The problem: When you reach the line containing "0 - lambda_g / c_p * TR1 0" in the records below, start copying exactly, and stop once you have copied the line containing "using species_interface unfolding".

(Collected data entries)
>>>>>
(* Consider a steady travelling-wave solution of the one-dimensional solid-propellant combustion model described in the context, with $c<0$, and assume the solid and gas specific heats are equal, $c_s=c_p$. Then the burnt-gas temperature $T_f:=\lim_{x\to+\infty}T(x)$ satisfies $$T_f=T_0+\frac{Q_g+Q_p}{c_p}.$$
   Context: Travelling-wave frame: solid in $x<0$, gas in $x>0$, interface at $x=0$; $c<0$ is the constant regression velocity, $\rho_s>0$ the solid density, $\dot m:=-\rho_s c>0$. Constants: solid specific heat $c_s>0$ and conductivity $\lambda_s>0$, $D_s:=\lambda_s/(\rho_s c_s)$; gas specific heat $c_p>0$ and conductivity $\lambda_g>0$; common molar mass $M>0$ of the two gas species; stoichiometric coefficient $\nu<0$ of the reactant; molar heat of the gas reaction $Q_{mol}>0$, and $Q_g:=-Q_{mol}/(\nu M)>0$; pyrolysis heat $Q_p\in\mathbb R$ (per unit mass of propellant); initial temperature $T_0>0$. Unknowns: $T:\mathbb R\to(0,\infty)$ continuous, $C^2$ on $(-\infty,0]$ and on $[0,\infty)$ (one-sided derivatives at $0$); on $x>0$: $\rho>0,u$ of class $C^1$, reactant mass fraction $Y$ of class $C^2$, species diffusivity $D_g>0$ continuous, reaction rate $\omega(x)=\omega(T(x),Y(x))\ge0$ continuous. Equations: $-cT'-D_sT''=0$ for $x<0$; for $x>0$: $-c\rho'+(\rho u)'=0$, $\rho(u-c)Y'-(\rho D_gY')'=\nu M\omega$, $\rho(u-c)T'-(\lambda_g T'/c_p)'=\omega Q_{mol}/c_p$. Boundary/interface conditions: $T(x)\to T_0$ and $T'(x)\to0$ as $x\to-\infty$; $T(0^-)=T(0^+)=T_s$; $\lambda_sT'(0^-)=\dot m Q_p+\lambda_gT'(0^+)$; $\rho(0^+)(u(0^+)-c)=-\rho_s c$; injection mass fraction $Y(0^-)=1$; $\dot m Y(0^-)=\dot m Y(0^+)-\rho(0^+)D_g(0^+)Y'(0^+)$; as $x\to+\infty$: $T(x)\to T_f$ (finite), $T'(x)\to0$, $Y(x)\to0$, $\rho D_gY'(x)\to0$. *)

theory Defs
  imports "HOL-Analysis.Analysis"
begin

end

theory Submission
  imports Defs
begin

text \<open>Each of the three balance laws has a first integral: in the solid
  \<open>-c T - D\<^sub>s T'\<close>, in the gas the mass flux \<open>\<rho> (u - c)\<close> and the combination
  \<open>m c\<^sub>p T - \<lambda>\<^sub>g T' + Q\<^sub>g (m Y - \<rho> D\<^sub>g Y')\<close> of energy and species, in which the
  reaction terms cancel. Evaluating the solid integral at \<open>-\<infinity>\<close> and at the interface,
  and the gas integral at the interface and at \<open>+\<infinity>\<close>, and matching the two heat fluxes
  through the interface condition, gives
  \<open>m c\<^sub>p T\<^sub>f = m c\<^sub>p T\<^sub>s - m c\<^sub>s (T\<^sub>s - T\<^sub>0) + m Q\<^sub>p + m Q\<^sub>g\<close>;
  the surface temperature drops out exactly when \<open>c\<^sub>s = c\<^sub>p\<close>.\<close>

lemma deriv_zero_imp_constant_on_atLeast:
  fixes f :: "real \<Rightarrow> real"
  assumes "continuous_on {a..} f"
    and "\<And>x. a < x \<Longrightarrow> (f has_real_derivative 0) (at x within {a..})"
    and "a \<le> x"
  shows "f x = f a"
proof -
  have "(f has_derivative (\<lambda>h. 0)) (at y within {a..})" if "y \<in> {a..} - {a}" for y
    using assms(2)[of y] that by (simp add: has_field_derivative_def lambda_zero)
  then show ?thesis
    using has_derivative_zero_unique_strong_convex[of "{a..}" "{a}" f a "f a" x] assms by auto
qed

lemma deriv_zero_imp_constant_on_atMost:
  fixes f :: "real \<Rightarrow> real"
  assumes "continuous_on {..b} f"
    and "\<And>x. x < b \<Longrightarrow> (f has_real_derivative 0) (at x within {..b})"
    and "x \<le> b"
  shows "f x = f b"
proof -
  have "(f has_derivative (\<lambda>h. 0)) (at y within {..b})" if "y \<in> {..b} - {b}" for y
    using assms(2)[of y] that by (simp add: has_field_derivative_def lambda_zero)
  then show ?thesis
    using has_derivative_zero_unique_strong_convex[of "{..b}" "{b}" f b "f b" x] assms by auto
qed

lemma deriv_zero_imp_eq_limit_at_top:
  fixes f :: "real \<Rightarrow> real"
  assumes "continuous_on {a..} f"
    and "\<And>x. a < x \<Longrightarrow> (f has_real_derivative 0) (at x within {a..})"
    and "(f \<longlongrightarrow> L) at_top"
  shows "f a = L"
proof -
  have "eventually (\<lambda>x. f x = f a) at_top"
    unfolding eventually_at_top_linorder
    using deriv_zero_imp_constant_on_atLeast[OF assms(1,2)] by blast
  then have "(f \<longlongrightarrow> f a) at_top" by (rule tendsto_eventually)
  then show ?thesis using assms(3) by (rule tendsto_unique[rotated]) simp
qed

lemma deriv_zero_imp_eq_limit_at_bot:
  fixes f :: "real \<Rightarrow> real"
  assumes "continuous_on {..b} f"
    and "\<And>x. x < b \<Longrightarrow> (f has_real_derivative 0) (at x within {..b})"
    and "(f \<longlongrightarrow> L) at_bot"
  shows "f b = L"
proof -
  have "eventually (\<lambda>x. f x = f b) at_bot"
    unfolding eventually_at_bot_linorder
    using deriv_zero_imp_constant_on_atMost[OF assms(1,2)] by blast
  then have "(f \<longlongrightarrow> f b) at_bot" by (rule tendsto_eventually)
  then show ?thesis using assms(3) by (rule tendsto_unique[rotated]) simp
qed

lemma solid_heat_flux_at_interface:
  fixes T T1 T2 :: "real \<Rightarrow> real"
  assumes T1: "\<forall>x\<le>0. (T has_real_derivative T1 x) (at x within {..0})"
    and T2: "\<forall>x\<le>0. (T1 has_real_derivative T2 x) (at x within {..0})"
    and heat: "\<forall>x<0. - c * T1 x - D * T2 x = 0"
    and T_lim: "(T \<longlongrightarrow> T0) at_bot" and T1_lim: "(T1 \<longlongrightarrow> 0) at_bot"
  shows "D * T1 0 = - c * (T 0 - T0)"
proof -
  let ?F = "\<lambda>x. - c * T x - D * T1 x"
  have "continuous_on {..0} T" "continuous_on {..0} T1"
    using T1 T2 by (auto intro!: DERIV_continuous_on)
  then have "continuous_on {..0} ?F" by (intro continuous_intros)
  moreover have "(?F has_real_derivative 0) (at x within {..0})" if "x < 0" for x
  proof -
    have "(?F has_real_derivative - c * T1 x - D * T2 x) (at x within {..0})"
      using that by (auto intro!: derivative_eq_intros T1[rule_format] T2[rule_format])
    with heat that show ?thesis by simp
  qed
  moreover have "(?F \<longlongrightarrow> - c * T0 - D * 0) at_bot"
    using T_lim T1_lim by (intro tendsto_intros)
  ultimately have "?F 0 = - c * T0 - D * 0" by (rule deriv_zero_imp_eq_limit_at_bot)
  then show ?thesis by (simp add: algebra_simps)
qed

lemma mass_flux_constant:
  fixes rho rho1 u u1 :: "real \<Rightarrow> real"
  assumes rho1: "\<forall>x\<ge>0. (rho has_real_derivative rho1 x) (at x within {0..})"
    and u1: "\<forall>x\<ge>0. (u has_real_derivative u1 x) (at x within {0..})"
    and mass: "\<forall>x>0. - c * rho1 x + (rho1 x * u x + rho x * u1 x) = 0"
    and "0 \<le> x"
  shows "rho x * (u x - c) = rho 0 * (u 0 - c)"
proof (rule deriv_zero_imp_constant_on_atLeast[OF _ _ \<open>0 \<le> x\<close>])
  have "continuous_on {0..} rho" "continuous_on {0..} u"
    using rho1 u1 by (auto intro!: DERIV_continuous_on)
  then show "continuous_on {0..} (\<lambda>x. rho x * (u x - c))" by (intro continuous_intros)
  show "((\<lambda>x. rho x * (u x - c)) has_real_derivative 0) (at y within {0..})" if "0 < y" for y
  proof -
    have "((\<lambda>x. rho x * (u x - c)) has_real_derivative rho1 y * (u y - c) + rho y * u1 y)
        (at y within {0..})"
      using that by (auto intro!: derivative_eq_intros rho1[rule_format] u1[rule_format])
    with mass that show ?thesis by (simp add: algebra_simps)
  qed
qed

lemma gas_energy_species_balance:
  fixes T T1 T2 Y Y1 G G1 w :: "real \<Rightarrow> real"
  assumes T1: "\<forall>x\<ge>0. (T has_real_derivative T1 x) (at x within {0..})"
    and T2: "\<forall>x\<ge>0. (T1 has_real_derivative T2 x) (at x within {0..})"
    and Y1: "\<forall>x\<ge>0. (Y has_real_derivative Y1 x) (at x within {0..})"
    and G_cont: "continuous_on {0..} G"
    and G1: "\<forall>x>0. (G has_real_derivative G1 x) (at x)"
    and energy: "\<forall>x>0. m * T1 x - k * T2 x = a * w x"
    and species: "\<forall>x>0. m * Y1 x - G1 x = b * w x" and "b \<noteq> 0"
    and T_lim: "(T \<longlongrightarrow> Tf) at_top" and T1_lim: "(T1 \<longlongrightarrow> 0) at_top"
    and Y_lim: "(Y \<longlongrightarrow> 0) at_top" and G_lim: "(G \<longlongrightarrow> 0) at_top"
  shows "m * Tf = m * T 0 - k * T1 0 - a / b * (m * Y 0 - G 0)"
proof -
  let ?H = "\<lambda>x. m * T x - k * T1 x - a / b * (m * Y x - G x)"
  have "continuous_on {0..} T" "continuous_on {0..} T1" "continuous_on {0..} Y"
    using T1 T2 Y1 by (auto intro!: DERIV_continuous_on)
  then have "continuous_on {0..} ?H" using G_cont by (intro continuous_intros)
  moreover have "(?H has_real_derivative 0) (at x within {0..})" if "0 < x" for x
  proof -
    have "(G has_real_derivative G1 x) (at x within {0..})"
      using G1 that by (simp add: has_field_derivative_at_within)
    then have "(?H has_real_derivative
        (m * T1 x - k * T2 x) - a / b * (m * Y1 x - G1 x)) (at x within {0..})"
      using that \<open>b \<noteq> 0\<close>
      by (auto intro!: derivative_eq_intros T1[rule_format] T2[rule_format] Y1[rule_format])
    with energy species \<open>b \<noteq> 0\<close> that show ?thesis by simp
  qed
  moreover have "(?H \<longlongrightarrow> m * Tf - k * 0 - a / b * (m * 0 - 0)) at_top"
    using T_lim T1_lim Y_lim G_lim by (intro tendsto_intros)
  ultimately have "?H 0 = m * Tf - k * 0 - a / b * (m * 0 - 0)"
    by (rule deriv_zero_imp_eq_limit_at_top)
  then show ?thesis by simp
qed

theorem proposition3:
  fixes c rho_s c_s lambda_s c_p lambda_g M nu Q_mol Q_p T0 Tf Ts :: real
    and T TL1 TL2 TR1 TR2 :: "real \<Rightarrow> real"
    and rho rho1 u u1 Y Y1 Y2 Dg G1 :: "real \<Rightarrow> real"
    and W :: "real \<Rightarrow> real \<Rightarrow> real"
  assumes c_neg: "c < 0"
    and rho_s_pos: "rho_s > 0" and c_s_pos: "c_s > 0" and lambda_s_pos: "lambda_s > 0"
    and c_p_pos: "c_p > 0" and lambda_g_pos: "lambda_g > 0" and M_pos: "M > 0"
    and nu_neg: "nu < 0" and Q_mol_pos: "Q_mol > 0" and T0_pos: "T0 > 0"
    and equal_heats: "c_s = c_p"
    \<comment> \<open>T positive; C^2 on (-inf,0] and on [0,inf) with one-sided derivatives at 0\<close>
    and T_pos: "\<forall>x. T x > 0"
    and TL1_der: "\<forall>x\<le>0. (T has_real_derivative TL1 x) (at x within {..0})"
    and TL2_der: "\<forall>x\<le>0. (TL1 has_real_derivative TL2 x) (at x within {..0})"
    and TL2_cont: "continuous_on {..0} TL2"
    and TR1_der: "\<forall>x\<ge>0. (T has_real_derivative TR1 x) (at x within {0..})"
    and TR2_der: "\<forall>x\<ge>0. (TR1 has_real_derivative TR2 x) (at x within {0..})"
    and TR2_cont: "continuous_on {0..} TR2"
    \<comment> \<open>gas-phase unknowns on [0,inf) (values at 0 are the 0+ traces)\<close>
    and rho_pos: "\<forall>x\<ge>0. rho x > 0"
    and rho1_der: "\<forall>x\<ge>0. (rho has_real_derivative rho1 x) (at x within {0..})"
    and rho1_cont: "continuous_on {0..} rho1"
    and u1_der: "\<forall>x\<ge>0. (u has_real_derivative u1 x) (at x within {0..})"
    and u1_cont: "continuous_on {0..} u1"
    and Y1_der: "\<forall>x\<ge>0. (Y has_real_derivative Y1 x) (at x within {0..})"
    and Y2_der: "\<forall>x\<ge>0. (Y1 has_real_derivative Y2 x) (at x within {0..})"
    and Y2_cont: "continuous_on {0..} Y2"
    and Dg_pos: "\<forall>x\<ge>0. Dg x > 0"
    and Dg_cont: "continuous_on {0..} Dg"
    and omega_nonneg: "\<forall>x>0. W (T x) (Y x) \<ge> 0"
    and omega_cont: "continuous_on {0<..} (\<lambda>x. W (T x) (Y x))"
    \<comment> \<open>the diffusive species flux rho Dg Y' is differentiable on x>0 with derivative G1\<close>
    and G1_der: "\<forall>x>0. ((\<lambda>y. rho y * Dg y * Y1 y) has_real_derivative G1 x) (at x)"
    \<comment> \<open>equations\<close>
    and solid_eq: "\<forall>x<0. - c * TL1 x - (lambda_s / (rho_s * c_s)) * TL2 x = 0"
    and mass_eq: "\<forall>x>0. - c * rho1 x + (rho1 x * u x + rho x * u1 x) = 0"
    and species_eq: "\<forall>x>0. rho x * (u x - c) * Y1 x - G1 x = nu * M * W (T x) (Y x)"
    and energy_eq: "\<forall>x>0. rho x * (u x - c) * TR1 x - (lambda_g / c_p) * TR2 x
                        = W (T x) (Y x) * Q_mol / c_p"
    \<comment> \<open>boundary and interface conditions\<close>
    and T_minf: "(T \<longlongrightarrow> T0) at_bot"
    and TL1_minf: "(TL1 \<longlongrightarrow> 0) at_bot"
    and T_interface: "T 0 = Ts"
    and heat_interface: "lambda_s * TL1 0 = (- rho_s * c) * Q_p + lambda_g * TR1 0"
    and mass_interface: "rho 0 * (u 0 - c) = - rho_s * c"
    and species_interface: "(- rho_s * c) * 1 = (- rho_s * c) * Y 0 - rho 0 * Dg 0 * Y1 0"
    and T_pinf: "(T \<longlongrightarrow> Tf) at_top"
    and TR1_pinf: "(TR1 \<longlongrightarrow> 0) at_top"
    and Y_pinf: "(Y \<longlongrightarrow> 0) at_top"
    and flux_pinf: "((\<lambda>x. rho x * Dg x * Y1 x) \<longlongrightarrow> 0) at_top"
  shows "Tf = T0 + ((- Q_mol / (nu * M)) + Q_p) / c_p"
proof -
  define m where "m = - rho_s * c"
  have "m > 0" using c_neg rho_s_pos by (simp add: m_def mult_pos_neg)
  have flux: "rho x * (u x - c) = m" if "0 \<le> x" for x
    using mass_flux_constant[OF rho1_der u1_der mass_eq that] mass_interface by (simp add: m_def)
  have solid: "lambda_s * TL1 0 = m * c_p * (Ts - T0)"
  proof -
    have "lambda_s / (rho_s * c_s) * TL1 0 = - c * (Ts - T0)"
      using solid_heat_flux_at_interface[OF TL1_der TL2_der solid_eq T_minf TL1_minf] T_interface
      by simp
    then show ?thesis using rho_s_pos c_s_pos equal_heats by (simp add: m_def field_simps)
  qed
  have gas: "m * Tf = m * Ts - lambda_g / c_p * TR1 0 - Q_mol / c_p / (nu * M) * m"
  proof -
    have "continuous_on {0..} rho" "continuous_on {0..} Y1"
      using rho1_der Y2_der by (auto intro!: DERIV_continuous_on)
    then have "continuous_on {0..} (\<lambda>x. rho x * Dg x * Y1 x)"
      using Dg_cont by (intro continuous_intros)
    moreover have "\<forall>x>0. m * TR1 x - lambda_g / c_p * TR2 x = Q_mol / c_p * W (T x) (Y x)"
      using energy_eq flux by auto
    moreover have "\<forall>x>0. m * Y1 x - G1 x = nu * M * W (T x) (Y x)"
      using species_eq flux by auto
    moreover have "nu * M \<noteq> 0" using nu_neg M_pos by simp
    ultimately have "m * Tf = m * T 0 - lambda_g / c_p * TR1 0
        - Q_mol / c_p / (nu * M) * (m * Y 0 - rho 0 * Dg 0 * Y1 0)"
      by (rule gas_energy_species_balance[OF TR1_der TR2_der Y1_der _ G1_der _ _ _
            T_pinf TR1_pinf Y_pinf flux_pinf])
    moreover have "m * Y 0 - rho 0 * Dg 0 * Y1 0 = m"
      using species_interface unfolding m_def by linarith
    ultimately show ?thesis using T_interface by simp
  qed
  have "lambda_g * TR1 0 = m * c_p * (Ts - T0) - m * Q_p"
    using heat_interface solid by (simp add: m_def)
  then have "lambda_g / c_p * TR1 0 = m * (Ts - T0) - m * Q_p / c_p"
    using c_p_pos by (simp add: field_simps)
  with gas have "m * Tf = m * Ts - (m * (Ts - T0) - m * Q_p / c_p) - Q_mol / c_p / (nu * M) * m"
    by simp
  also have "\<dots> = m * (T0 + (- Q_mol / (nu * M) + Q_p) / c_p)"
    by (simp add: algebra_simps add_divide_distrib diff_divide_distrib)
  finally show ?thesis using \<open>m > 0\<close> by simp
qed

end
<<<<<
Task output:
    ultimately have "m * Tf = m * T 0 - lambda_g / c_p * TR1 0
        - Q_mol / c_p / (nu * M) * (m * Y 0 - rho 0 * Dg 0 * Y1 0)"
      by (rule gas_energy_species_balance[OF TR1_der TR2_der Y1_der _ G1_der _ _ _
            T_pinf TR1_pinf Y_pinf flux_pinf])
    moreover have "m * Y 0 - rho 0 * Dg 0 * Y1 0 = m"
      using species_interface unfolding m_def by linarith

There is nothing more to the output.